### WHAT IS BEING ASKED:
Retype only the stretch of lines that starts with the line containing "ultimately show ?case" and ends with the last line of the records, both included, exactly.

[Collected data]
▬▬▬

lemma triangular_lin_independent:
  fixes rank :: "'i \<Rightarrow> nat"
  assumes fin: "finite P" and indep: "lin_independent e P"
    and b: "\<forall>i\<in>P. b i = lincomb (M i) e P" and diag: "\<forall>i\<in>P. M i i \<noteq> 0"
    and upper: "\<forall>i\<in>P. \<forall>j\<in>P. M i j \<noteq> 0 \<longrightarrow> j = i \<or> rank i < rank j"
  shows "lin_independent b P"
  unfolding lin_independent_def
proof (intro allI impI, rule ccontr)
  fix c assume zero: "lincomb c b P = (\<lambda>_. 0)" and "\<not> (\<forall>i\<in>P. c i = 0)"
  then have "{i\<in>P. c i \<noteq> 0} \<noteq> {}" by blast
  then obtain i0 where i0: "i0 \<in> {i\<in>P. c i \<noteq> 0}"
    and lowest: "\<forall>i\<in>{i\<in>P. c i \<noteq> 0}. rank i0 \<le> rank i"
    using ex_min_rank[of "{i\<in>P. c i \<noteq> 0}" rank] fin by auto
  have columns: "\<forall>j\<in>P. (\<Sum>i\<in>P. c i * M i j) = 0"
    using indep zero lincomb_change_of_basis[OF fin b, of c] unfolding lin_independent_def by metis
  have others: "c i * M i i0 = 0" if "i \<in> P - {i0}" for i
    using that i0 lowest upper by (metis (mono_tags, lifting) DiffE mem_Collect_eq mult_eq_0_iff
        not_le singletonI)
  have "(\<Sum>i\<in>P. c i * M i i0) = c i0 * M i0 i0 + (\<Sum>i\<in>P - {i0}. c i * M i i0)"
    using fin i0 by (intro sum.remove) simp_all
  also have "(\<Sum>i\<in>P - {i0}. c i * M i i0) = 0"
    using others by (intro sum.neutral) blast
  finally have "(\<Sum>i\<in>P. c i * M i i0) = c i0 * M i0 i0"
    by simp
  then show False
    using columns i0 diag by simp
qed

lemma triangular_lin_span:
  fixes rank :: "'i \<Rightarrow> nat"
  assumes fin: "finite P"
    and b: "\<forall>i\<in>P. b i = lincomb (M i) e P" and diag: "\<forall>i\<in>P. M i i \<noteq> 0"
    and upper: "\<forall>i\<in>P. \<forall>j\<in>P. M i j \<noteq> 0 \<longrightarrow> j = i \<or> rank i < rank j"
  shows "lin_span e P \<subseteq> lin_span b P"
proof (rule lin_span_subset[OF fin], rule ballI)
  define N where "N = Max (rank ` P)"
  fix i assume "i \<in> P"
  then show "e i \<in> lin_span b P"
  proof (induction i rule: measure_induct_rule[where f = "\<lambda>i. N - rank i"])
    case (less i)
    let ?J = "{j\<in>P - {i}. M i j \<noteq> 0}"
    have "e j \<in> lin_span b P" if "j \<in> ?J" for j
    proof (rule less.IH)
      have "rank i < rank j" "rank j \<le> N"
        using that less.prems upper fin by (auto simp: N_def)
      then show "N - rank j < N - rank i" by simp
    qed (use that in auto)
    then have rest: "lincomb (M i) e ?J \<in> lin_span b P"
      using fin by (intro lincomb_in_lin_span) auto
    have "b i = (\<lambda>a. M i i * e i a + lincomb (M i) e ?J a)"
    proof
      fix a
      have "b i a = M i i * e i a + (\<Sum>j\<in>P - {i}. M i j * e j a)"
        using b less.prems fin by (simp add: lincomb_def sum.remove)
      also have "(\<Sum>j\<in>P - {i}. M i j * e j a) = lincomb (M i) e ?J a"
        unfolding lincomb_def using fin by (intro sum.mono_neutral_right) auto
      finally show "b i a = M i i * e i a + lincomb (M i) e ?J a" .
    qed
    then have "e i = (\<lambda>a. (1 / M i i) * b i a + (- 1 / M i i) * lincomb (M i) e ?J a)"
      using diag less.prems by (auto simp: fun_eq_iff field_simps)
    moreover have "(\<lambda>a. (1 / M i i) * b i a) \<in> lin_span b P"
      using in_lin_span[OF fin less.prems] by (rule scale_in_lin_span)
    moreover have "(\<lambda>a. (- 1 / M i i) * lincomb (M i) e ?J a) \<in> lin_span b P"
      using rest by (rule scale_in_lin_span)
    ultimately show ?case
      by (simp only: add_in_lin_span)
  qed
qed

▬▬▬

### RESPONSE TO THIS TASK:
    ultimately show ?case
      by (simp only: add_in_lin_span)
  qed
qed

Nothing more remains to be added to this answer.